Это показывает, что женщина готова судить о вас по образчику, тогда как вы сами колеблетесь, имея в своих руках весь материал".
С момента взаимного разоблачения отношения между Екатериной и Фелицией подверглись изменению, не менее заметному от того, что оно было весьма тонко. Это было неизбежно. В самом деле, Фелиция страшилась первой интимной беседы с Екатериной так же сильно как и приезда Рейна. Но подобные вещи бесконечно проще, чем мы склонны представлять себе, ибо привычка властвует над человеческими отношениями.

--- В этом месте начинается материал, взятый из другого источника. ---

theorem lemma4p4:
  fixes \<psi> :: "real \<Rightarrow> real" and n :: nat
  assumes "n \<ge> 1"
    and "mono_on {0..} \<psi>" and "concave_on {0..} \<psi>" and "\<psi> 0 = 0"
  shows "(\<not> (Lorentz_space \<psi> \<inter> Linfty_pos \<subseteq> Lorentz_n1 n)
            \<longleftrightarrow> Liminf at_top (\<lambda>t. ereal (\<psi> t / t powr (1 / real n))) = 0)
       \<and> (Liminf at_top (\<lambda>t. ereal (\<psi> t / t powr (1 / real n))) = 0
            \<longleftrightarrow> liminf (\<lambda>m. ereal (\<psi> (2 ^ (m * n)) / 2 ^ m)) = 0)"
proof -
  have \<psi>_nonneg: "0 \<le> \<psi> t" if "0 \<le> t" for t
    using mono_onD[OF assms(2), of 0 t] assms(4) that by simp
  have Liminf_continuous:
    "Liminf at_top (\<lambda>t. ereal (\<psi> t / t powr (1 / real n))) = 0
      \<longleftrightarrow> \<not> (\<exists>c>0. \<forall>\<^sub>F t in at_top. c < \<psi> t / t powr (1 / real n))"
    by (rule Liminf_ereal_eq_0_iff)
       (auto simp: eventually_at_top_linorder intro!: exI[of _ 0] divide_nonneg_nonneg \<psi>_nonneg)
  have Liminf_dyadic:
    "liminf (\<lambda>m. ereal (\<psi> (2 ^ (m * n)) / 2 ^ m)) = 0
      \<longleftrightarrow> \<not> (\<exists>c>0. \<forall>\<^sub>F m in sequentially. c < \<psi> (2 ^ (m * n)) / 2 ^ m)"
    by (rule Liminf_ereal_eq_0_iff) (auto intro!: always_eventually divide_nonneg_nonneg \<psi>_nonneg)
  have "0 < 1 / real n"
    using assms(1) by simp
  show ?thesis
    unfolding Liminf_continuous Liminf_dyadic Lorentz_n1_def
    using Lorentz_space_Linfty_subset_iff[OF assms(2) _ \<open>0 < 1 / real n\<close>]
      lower_bound_iff_dyadic_lower_bound[OF assms(1,2)] assms(4)
    by simp
qed

end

Часы, проводимые ими вместе, в начале внешне проходили так же приятно, как и раньше. Но Екатерина была более сдержанна и в разговоре ограничивалась, насколько возможно, событиями повседневной жизни, а Фелиция, держась настороже, потеряла кое-что в простоте своих манер. Однако, незаметно они стали отдаляться друг от друга и меньше встречались. Склонность неправильно судить об Екатерине явилась естественным последствием неблагородного чувства, которым проникалась девушка. Редкие выражения чувств или мнения, которые допускала Екатерина, вместо того, чтобы вызывать сочувствие к ней, будили в Фелиции неосознанные инстинкты соперничества. Она все более и более искала общества старого ученого, смело приводила в исполнение план, который с некоторым трепетом обдумала, и заняла место его секретаря.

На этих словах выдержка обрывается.